Front keel tube is drilled on the milling machine for front lower A-arm attachment points. This will give perfect mounting locations.

A-arm Attachments

Lower front A-arm attachment points were cut and drilled on the lathe, then tapped.

Welding Setup

Chassis table comes in handy again for welding the lower front A-arm attachment points into the front keel tube.

Finished keel tube

Completed front keel tube assembly. Front lower A-arm attachment points welded in place, ends of keel tube capped for strength.

Keel Tube in Place

Front keel tube assembly rigidly located in place on chassis table.

Tube Bender Scrap

The 3-roller tube bender generates about 65 cm of scrap at each end on small-radius bends before it starts generating the correct constant -radius bend.

Keel down-tube

First front keel down-tube in place. The surface of the keel will be concave to let air flow better across the upper surface of the front wing, necessitating curved tubes to hold the keel.

More down-tubes

More front keel down-tubes. The two rear tubes are a recent addition to the design as this area needs to be phenomenally strong and the tubes weigh almost nothing.

Finished Front Keel

Finished front keel and front subframe

The Build Begins– The Front Subframe

After more than a year and a half of design and several months of tool preparation, that long-awaited day has finally arrived: the day I touch saw to metal on an actual car part.

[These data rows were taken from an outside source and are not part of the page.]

text \<open>Applied to \<open>a\<^sub>i = \<phi>\<^sub>1(u\<^sub>i)\<close>, super-additivity of \<open>\<phi>\<^sub>2 \<circ> \<psi>\<^sub>1\<close> reads
  \<open>\<Sum>\<^sub>i \<phi>\<^sub>2(u\<^sub>i) \<le> \<phi>\<^sub>2(\<psi>\<^sub>1(\<Sum>\<^sub>i \<phi>\<^sub>1(u\<^sub>i)))\<close>; now apply the decreasing \<open>\<psi>\<^sub>2\<close>.\<close>
lemma psi_ext_sum_gen_inv_le:
  assumes ag1: "arch_generator m \<psi>1" and ag2: "arch_generator m \<psi>2"
    and sup: "superadditive_on {0..} (\<lambda>x. gen_inv \<psi>2 (\<psi>1 x))"
    and "finite I" and u: "\<And>i. i \<in> I \<Longrightarrow> 0 \<le> u i \<and> u i \<le> 1"
  shows "psi_ext \<psi>1 (\<Sum>i\<in>I. gen_inv \<psi>1 (u i)) \<le> psi_ext \<psi>2 (\<Sum>i\<in>I. gen_inv \<psi>2 (u i))"
proof (cases "\<exists>i\<in>I. gen_inv \<psi>1 (u i) = \<infinity>")
  case True
  then have "(\<Sum>i\<in>I. gen_inv \<psi>1 (u i)) = \<infinity>" using \<open>finite I\<close> by (simp add: sum_Pinfty)
  then show ?thesis
    using psi_ext_nonneg[OF ag2] by (simp add: psi_ext_def sum_nonneg gen_inv_nonneg)
next
  case False
  define a where "a i = real_of_ereal (gen_inv \<psi>1 (u i))" for i
  have a: "0 \<le> a i \<and> gen_inv \<psi>1 (u i) = ereal (a i) \<and> \<psi>1 (a i) = u i" if "i \<in> I" for i
  proof -
    have ne: "{x. 0 \<le> x \<and> \<psi>1 x \<le> u i} \<noteq> {}"
      using False that gen_inv_eq_PInf[of \<psi>1 "u i"] by auto
    have "u i \<le> 1" using u that by simp
    then obtain h where "0 \<le> h" "gen_inv \<psi>1 (u i) = ereal h" "\<psi>1 h = u i"
      using gen_inv_eq_ereal[OF ag1 _ ne] by blast
    then show ?thesis by (simp add: a_def)
  qed
  define g where "g = (\<lambda>x. gen_inv \<psi>2 (\<psi>1 x))"
  have "0 \<le> (\<Sum>i\<in>I. a i)" using a by (simp add: sum_nonneg)
  have "(\<Sum>i\<in>I. gen_inv \<psi>2 (u i)) = (\<Sum>i\<in>I. g (a i))"
    using a by (simp add: g_def cong: sum.cong)
  also have "\<dots> \<le> g (\<Sum>i\<in>I. a i)"
    using \<open>finite I\<close> a by (intro superadditive_on_sum sup[folded g_def]) (auto simp: g_def gen_inv_nonneg)
  finally have "psi_ext \<psi>2 (g (\<Sum>i\<in>I. a i)) \<le> psi_ext \<psi>2 (\<Sum>i\<in>I. gen_inv \<psi>2 (u i))"
    by (rule psi_ext_antimono[OF ag2, rotated]) (simp add: sum_nonneg gen_inv_nonneg)
  moreover have "psi_ext \<psi>2 (g (\<Sum>i\<in>I. a i)) = \<psi>1 (\<Sum>i\<in>I. a i)"
    unfolding g_def using arch_generatorD(3,4)[OF ag1 \<open>0 \<le> (\<Sum>i\<in>I. a i)\<close>]
    by (simp add: psi_ext_gen_inv[OF ag2])
  moreover have "psi_ext \<psi>1 (\<Sum>i\<in>I. gen_inv \<psi>1 (u i)) = \<psi>1 (\<Sum>i\<in>I. a i)"
    using a by (simp add: psi_ext_def cong: sum.cong)
  ultimately show ?thesis by simp
qed
(* Let $(X,P,o)$ be a generalized parametric metric space such that $P$ satisfies (P5) and $o$ is continuous. Then $(X,\tau_P)$ is a $T_1$ space: for any distinct $x,y\in X$ there are $U,V\in\tau_P$ with $x\in U$, $y\notin U$, $y\in V$, $x\notin V$.
   Context: A binary operation $o:[0,\infty)\times[0,\infty)\to[0,\infty)$ (written $\alpha\, o\, \beta$) is assumed to satisfy, for all $\alpha,\beta,\gamma\in[0,\infty)$: (a) $\alpha\, o\, 0=\alpha$; (b) $\alpha\le\beta\implies \alpha\, o\,\gamma\le\beta\, o\,\gamma$; (c) $\alpha\, o\,\gamma=\gamma\, o\,\alpha$; (d) $\alpha\, o\,(\beta\, o\,\gamma)=(\alpha\, o\,\beta)\, o\,\gamma$. It is continuous if whenever $\alpha_n\to\alpha$ and $\beta_n\to\beta$ in $[0,\infty)$ we have $\alpha_n\, o\,\beta_n\to\alpha\, o\,\beta$. A generalized parametric metric on a nonempty set $X$ is a function $P:X\times X\times(0,\infty)\to[0,\infty)$ such that: (P1) $P(a,b,t)=0$ for all $t>0$ if and only if $a=b$; (P2) $P(a,b,t)=P(b,a,t)$ for all $a,b\in X$, $t>0$; (P3) $P(a,b,s+t)\le P(a,x,s)\, o\, P(b,x,t)$ for all $s,t>0$ and $a,b,x\in X$. The triple $(X,P,o)$ is a generalized parametric metric space. Condition (P5): for all $a,b\in X$, the map $t\mapsto P(a,b,t)$ is continuous on $(0,\infty)$. Open ball: $B(a,\alpha,t)=\{b\in X: P(a,b,t)<\alpha\}$. $\tau_P$ is the topology consisting of all $A\subseteq X$ such that for every $a\in A$ there exist $\alpha>0,t>0$ with $B(a,\alpha,t)\subseteq A$. *)

theory Defs
  imports "HOL-Analysis.Analysis"
begin

text \<open>A binary operation f on [0,\<infinity>), represented as a real function whose behaviour
  is only relevant on nonnegative arguments (it must map them into [0,\<infinity>)).\<close>
definition binop_ok :: "(real \<Rightarrow> real \<Rightarrow> real) \<Rightarrow> bool" where
  "binop_ok f \<longleftrightarrow>
     (\<forall>a\<ge>0. \<forall>b\<ge>0. f a b \<ge> 0) \<and>
     (\<forall>a\<ge>0. f a 0 = a) \<and>
     (\<forall>a\<ge>0. \<forall>b\<ge>0. \<forall>c\<ge>0. a \<le> b \<longrightarrow> f a c \<le> f b c) \<and>
     (\<forall>a\<ge>0. \<forall>c\<ge>0. f a c = f c a) \<and>
     (\<forall>a\<ge>0. \<forall>b\<ge>0. \<forall>c\<ge>0. f a (f b c) = f (f a b) c)"

definition binop_continuous :: "(real \<Rightarrow> real \<Rightarrow> real) \<Rightarrow> bool" where
  "binop_continuous f \<longleftrightarrow>
     (\<forall>A B a b. (\<forall>n. A n \<ge> 0) \<longrightarrow> (\<forall>n. B n \<ge> 0) \<longrightarrow> a \<ge> 0 \<longrightarrow> b \<ge> 0 \<longrightarrow>
        A \<longlonglongrightarrow> a \<longrightarrow> B \<longlonglongrightarrow> b \<longrightarrow> (\<lambda>n. f (A n) (B n)) \<longlonglongrightarrow> f a b)"

text \<open>Generalized parametric metric; P is only meaningful for t > 0.\<close>
definition gen_param_metric :: "('a \<Rightarrow> 'a \<Rightarrow> real \<Rightarrow> real) \<Rightarrow> (real \<Rightarrow> real \<Rightarrow> real) \<Rightarrow> bool" where
  "gen_param_metric P f \<longleftrightarrow> binop_ok f \<and>
     (\<forall>a b t. t > 0 \<longrightarrow> P a b t \<ge> 0) \<and>
     (\<forall>a b. (\<forall>t>0. P a b t = 0) \<longleftrightarrow> a = b) \<and>
     (\<forall>a b t. t > 0 \<longrightarrow> P a b t = P b a t) \<and>
     (\<forall>a b x s t. s > 0 \<longrightarrow> t > 0 \<longrightarrow> P a b (s + t) \<le> f (P a x s) (P b x t))"

definition P5 :: "('a \<Rightarrow> 'a \<Rightarrow> real \<Rightarrow> real) \<Rightarrow> bool" where
  "P5 P \<longleftrightarrow> (\<forall>a b. continuous_on {0<..} (P a b))"

definition pball :: "('a \<Rightarrow> 'a \<Rightarrow> real \<Rightarrow> real) \<Rightarrow> 'a \<Rightarrow> real \<Rightarrow> real \<Rightarrow> 'a set" where
  "pball P a \<alpha> t = {b. P a b t < \<alpha>}"

definition tauP :: "('a \<Rightarrow> 'a \<Rightarrow> real \<Rightarrow> real) \<Rightarrow> 'a set set" where
  "tauP P = {A. \<forall>a\<in>A. \<exists>\<alpha>>0. \<exists>t>0. pball P a \<alpha> t \<subseteq> A}"

end

theory Submission
  imports Defs
begin

text \<open>Complements of singletons are \<open>\<tau>\<^sub>P\<close>-open: if \<open>a \<noteq> y\<close>, (P1) gives some \<open>t > 0\<close>
  with \<open>P a y t > 0\<close>, and the ball of that radius around \<open>a\<close> at parameter \<open>t\<close> misses \<open>y\<close>.\<close>

lemma Compl_singleton_in_tauP:
  assumes nonneg: "\<And>a b t. t > 0 \<Longrightarrow> P a b t \<ge> 0"
    and separates: "\<And>a b. (\<forall>t>0. P a b t = 0) \<longleftrightarrow> a = b"
  shows "- {y} \<in> tauP P"
  unfolding tauP_def
proof (intro CollectI ballI)
  fix a assume "a \<in> - {y}"
  then obtain t where "t > 0" and "P a y t \<noteq> 0"
    using separates[of a y] by blast
  then have "P a y t > 0"
    using nonneg by (simp add: order_less_le)
  moreover have "pball P a (P a y t) t \<subseteq> - {y}"
    unfolding pball_def by auto
  ultimately show "\<exists>\<alpha>>0. \<exists>t>0. pball P a \<alpha> t \<subseteq> - {y}"
    using \<open>t > 0\<close> by blast
qed

theorem mainTheorem9:
  fixes P :: "'a \<Rightarrow> 'a \<Rightarrow> real \<Rightarrow> real" and f :: "real \<Rightarrow> real \<Rightarrow> real"
  assumes "gen_param_metric P f" and "P5 P" and "binop_continuous f"
  shows "\<forall>x y. x \<noteq> y \<longrightarrow> (\<exists>U\<in>tauP P. \<exists>V\<in>tauP P. x \<in> U \<and> y \<notin> U \<and> y \<in> V \<and> x \<notin> V)"
proof (intro allI impI)
  fix x y :: 'a assume "x \<noteq> y"
  have "\<And>a b t. t > 0 \<Longrightarrow> P a b t \<ge> 0" "\<And>a b. (\<forall>t>0. P a b t = 0) \<longleftrightarrow> a = b"
    using assms(1) unfolding gen_param_metric_def by simp_all
  then have Compl_open: "- {z} \<in> tauP P" for z
    by (rule Compl_singleton_in_tauP)
  show "\<exists>U\<in>tauP P. \<exists>V\<in>tauP P. x \<in> U \<and> y \<notin> U \<and> y \<in> V \<and> x \<notin> V"
    using \<open>x \<noteq> y\<close> by (intro bexI[OF _ Compl_open[of y]] bexI[OF _ Compl_open[of x]]) simp
qed

end
(* Let $c\in\mathbb{C}$ with $|c|>1$, let $r=\sqrt{|c|^2-1}$, and define $\tau\colon S^1\to S^1$ (where $S^1=\{z\in\mathbb{C}:|z|=1\}$) by $\tau(z)=\dfrac{r^2}{\bar z-\bar c}+c$ if $|z-c|>r$ and $\tau(z)=z$ otherwise. Then for all $x,y\in S^1$, $$|\tau(x)-\tau(y)|\le\min\!\Big(1,\frac{r}{|x-c|}\Big)\min\!\Big(1,\frac{r}{|y-c|}\Big)|x-y|\le|x-y|.$$
   Context: In the Poincaré disk model $\mathbb{D}=\{|z|<1\}$ of the hyperbolic plane, $\{z\in\mathbb{D}:|z-c|=r\}$ is a hyperbolic line not through $0$, and $\tau$ is the one-way reflection in it (reflecting points on the same side as $0$), restricted to the boundary circle $S^1$. *)

theory Defs
  imports "HOL-Analysis.Analysis"
begin

definition refl_radius :: "complex \<Rightarrow> real" where
  "refl_radius c = sqrt ((cmod c)\<^sup>2 - 1)"

definition tau :: "complex \<Rightarrow> complex \<Rightarrow> complex" where
  "tau c z = (if cmod (z - c) > refl_radius c
              then complex_of_real ((refl_radius c)\<^sup>2) / (cnj z - cnj c) + c
              else z)"

end

theory Submission imports Defs begin

text \<open>After translating by \<open>c\<close>, \<open>tau c\<close> is the fold \<open>sphere_fold r\<close> that inverts the points
  outside the circle \<open>|w| = r\<close> and fixes the others; nothing about the unit circle is used
  except that it avoids \<open>c\<close>. Inversion scales distances exactly:
  \<open>|a\<^sup>* - b\<^sup>*| = r\<^sup>2 |a - b| / (|a| |b|)\<close>. For \<open>a\<close> outside and \<open>b\<close> inside write
  \<open>a\<^sup>* = k a\<close> with \<open>k = r\<^sup>2 / |a|\<^sup>2 \<le> 1\<close>; then
  \<open>k |a - b|\<^sup>2 - |k a - b|\<^sup>2 = (1 - k) (r\<^sup>2 - |b|\<^sup>2) \<ge> 0\<close>, i.e. \<open>|a\<^sup>* - b| \<le> (r / |a|) |a - b|\<close>.\<close>

definition sphere_inversion :: "real \<Rightarrow> 'a::real_inner \<Rightarrow> 'a" where
  "sphere_inversion r x = (r\<^sup>2 / (norm x)\<^sup>2) *\<^sub>R x"

lemma norm_diff_squared:
  fixes a b :: "'a::real_inner"
  shows "(norm (a - b))\<^sup>2 = (norm a)\<^sup>2 - 2 * inner a b + (norm b)\<^sup>2"
  by (simp add: power2_norm_eq_inner inner_diff inner_commute)

lemma norm_sphere_inversion_diff:
  fixes a b :: "'a::real_inner"
  assumes "0 \<le> r" "a \<noteq> 0" "b \<noteq> 0"
  shows "norm (sphere_inversion r a - sphere_inversion r b) = r / norm a * (r / norm b) * norm (a - b)"
proof -
  define s t where "s = r\<^sup>2 / (norm a)\<^sup>2" and "t = r\<^sup>2 / (norm b)\<^sup>2"
  have "(norm (s *\<^sub>R a - t *\<^sub>R b))\<^sup>2 = s\<^sup>2 * (norm a)\<^sup>2 - 2 * s * t * inner a b + t\<^sup>2 * (norm b)\<^sup>2"
    by (simp add: norm_diff_squared power_mult_distrib)
  also have "\<dots> = (r / norm a * (r / norm b))\<^sup>2 * ((norm a)\<^sup>2 - 2 * inner a b + (norm b)\<^sup>2)"
    using assms by (simp add: s_def t_def field_simps power2_eq_square)
  also have "\<dots> = (r / norm a * (r / norm b) * norm (a - b))\<^sup>2"
    unfolding power_mult_distrib[of _ "norm (a - b)"] norm_diff_squared ..
  finally show ?thesis
    using assms(1) by (simp add: sphere_inversion_def s_def t_def power2_eq_iff_nonneg)
qed

lemma norm_shrunk_diff_le:
  fixes a b :: "'a::real_inner"
  assumes "k * (norm a)\<^sup>2 = r\<^sup>2" "norm b \<le> r" "0 \<le> k" "k \<le> 1"
  shows "(norm (k *\<^sub>R a - b))\<^sup>2 \<le> k * (norm (a - b))\<^sup>2"
proof -
  have "0 \<le> r" using assms(2) norm_ge_zero order_trans by blast
  then have "(norm b)\<^sup>2 \<le> r\<^sup>2" using assms(2) by (simp add: power_mono)
  then have "0 \<le> (1 - k) * (r\<^sup>2 - (norm b)\<^sup>2)" using assms(4) by simp
  also have "\<dots> = k * (norm (a - b))\<^sup>2 - (norm (k *\<^sub>R a - b))\<^sup>2"
  proof -
    have "(norm (k *\<^sub>R a))\<^sup>2 = k * (k * (norm a)\<^sup>2)"
      using assms(3) by (simp add: power_mult_distrib power2_eq_square)
    then have "(norm (k *\<^sub>R a))\<^sup>2 = k * r\<^sup>2" using assms(1) by simp
    moreover have "k * (norm (a - b))\<^sup>2 = r\<^sup>2 - 2 * (k * inner a b) + k * (norm b)\<^sup>2"
      unfolding norm_diff_squared using assms(1) by (simp add: ring_distribs)
    ultimately show ?thesis
      unfolding norm_diff_squared[of "k *\<^sub>R a"] inner_scaleR_left by (simp add: ring_distribs)
  qed
  finally show ?thesis by simp
qed

lemma norm_sphere_inversion_diff_inside:
  fixes a b :: "'a::real_inner"
  assumes "0 \<le> r" "r < norm a" "norm b \<le> r"
  shows "norm (sphere_inversion r a - b) \<le> r / norm a * norm (a - b)"
proof -
  define k where "k = r\<^sup>2 / (norm a)\<^sup>2"
  have "0 < norm a" using assms by linarith
  then have k: "k * (norm a)\<^sup>2 = r\<^sup>2" by (simp add: k_def)
  have "r\<^sup>2 < (norm a)\<^sup>2" using assms by (simp add: power_strict_mono)
  then have "k \<le> 1" unfolding k_def by (simp add: divide_le_eq_1)
  have "(norm (sphere_inversion r a - b))\<^sup>2 \<le> k * (norm (a - b))\<^sup>2"
    unfolding sphere_inversion_def k_def[symmetric]
    using norm_shrunk_diff_le[OF k assms(3) _ \<open>k \<le> 1\<close>] by (simp add: k_def)
  also have "\<dots> = (r / norm a * norm (a - b))\<^sup>2"
    by (simp add: k_def power_mult_distrib power_divide)
  finally show ?thesis
    by (rule power2_le_imp_le) (use assms(1) in simp)
qed

definition sphere_fold :: "real \<Rightarrow> 'a::real_inner \<Rightarrow> 'a" where
  "sphere_fold r x = (if r < norm x then sphere_inversion r x else x)"

lemma min_1_divide_norm:
  fixes x :: "'a::real_normed_vector"
  assumes "x \<noteq> 0"
  shows "min 1 (r / norm x) = (if r < norm x then r / norm x else 1)"
  using assms by (simp add: min_def divide_le_eq_1)

lemma norm_sphere_inversion_fold_diff:
  fixes a b :: "'a::real_inner"
  assumes "0 \<le> r" "r < norm a" "b \<noteq> 0"
  shows "norm (sphere_inversion r a - sphere_fold r b) \<le> r / norm a * min 1 (r / norm b) * norm (a - b)"
proof (cases "r < norm b")
  case True
  moreover have "a \<noteq> 0" using assms(1,2) by auto
  ultimately show ?thesis
    using assms norm_sphere_inversion_diff[of r a b] by (simp add: sphere_fold_def min_1_divide_norm)
next
  case False
  then show ?thesis
    using assms norm_sphere_inversion_diff_inside[of r a b] by (simp add: sphere_fold_def min_1_divide_norm)
qed

theorem norm_sphere_fold_diff_le:
  fixes a b :: "'a::real_inner"
  assumes "0 \<le> r" "a \<noteq> 0" "b \<noteq> 0"
  shows "norm (sphere_fold r a - sphere_fold r b) \<le> min 1 (r / norm a) * min 1 (r / norm b) * norm (a - b)"
proof (cases "r < norm a")
  case True
  then show ?thesis
    using assms norm_sphere_inversion_fold_diff[of r a b] by (simp add: sphere_fold_def min_1_divide_norm)
next
  case a_inside: False
  show ?thesis
  proof (cases "r < norm b")
    case True
    then show ?thesis
      using assms a_inside norm_sphere_inversion_fold_diff[of r b a]
      by (simp add: sphere_fold_def min_1_divide_norm norm_minus_commute)
  next
    case False
    then show ?thesis using assms a_inside by (simp add: sphere_fold_def min_1_divide_norm)
  qed
qed

lemma of_real_divide_cnj:
  fixes w :: complex
  shows "complex_of_real s / cnj w = (s / (cmod w)\<^sup>2) *\<^sub>R w"
  by (simp add: complex_div_cnj[of _ "cnj w"] scaleR_conv_of_real)

lemma tau_eq_sphere_fold: "tau c z = sphere_fold (refl_radius c) (z - c) + c"
  by (simp add: tau_def sphere_fold_def sphere_inversion_def of_real_divide_cnj[symmetric])

theorem mainTheorem5:
  fixes c x y :: complex
  assumes "cmod c > 1" and "cmod x = 1" and "cmod y = 1"
  shows "cmod (tau c x - tau c y)
           \<le> min 1 (refl_radius c / cmod (x - c)) * min 1 (refl_radius c / cmod (y - c)) * cmod (x - y)
       \<and> min 1 (refl_radius c / cmod (x - c)) * min 1 (refl_radius c / cmod (y - c)) * cmod (x - y)
           \<le> cmod (x - y)"
proof
  let ?r = "refl_radius c"
  have "0 \<le> ?r" using assms(1) by (simp add: refl_radius_def one_le_power)
  moreover have "x - c \<noteq> 0" "y - c \<noteq> 0" using assms by auto
  ultimately show "cmod (tau c x - tau c y)
      \<le> min 1 (?r / cmod (x - c)) * min 1 (?r / cmod (y - c)) * cmod (x - y)"
    using norm_sphere_fold_diff_le[of ?r "x - c" "y - c"] by (simp add: tau_eq_sphere_fold)
  have "0 \<le> min 1 (?r / cmod (x - c)) * min 1 (?r / cmod (y - c))"
    "min 1 (?r / cmod (x - c)) * min 1 (?r / cmod (y - c)) \<le> 1"
    using \<open>0 \<le> ?r\<close> by (simp_all add: mult_le_one)
  then show "min 1 (?r / cmod (x - c)) * min 1 (?r / cmod (y - c)) * cmod (x - y) \<le> cmod (x - y)"
    by (simp add: mult_left_le_one_le)
qed

end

The first step is to build the front subframe that sell sit horizontally at the bottom of the nose of the car. The chassis table already has holes drilled and tapped for 3/8″ bolts locating the subframe members precisely. Here’s the first tube in place among the pins on the chassis table.

First Tube

First tube in place on the chassis table, bent to fit pins

First Weld

Lower front frame member cut to fit and tack welded in place

Finished Subframe

Finished front subframe, fully welded. Since it's laterally symmetrical, it's flipped over to weld the bottom.

Subframe on jigs

Front subframe raised to final position, supported by chassis jigs. Note Natural-Polymer Swing Press at right. A useful tool.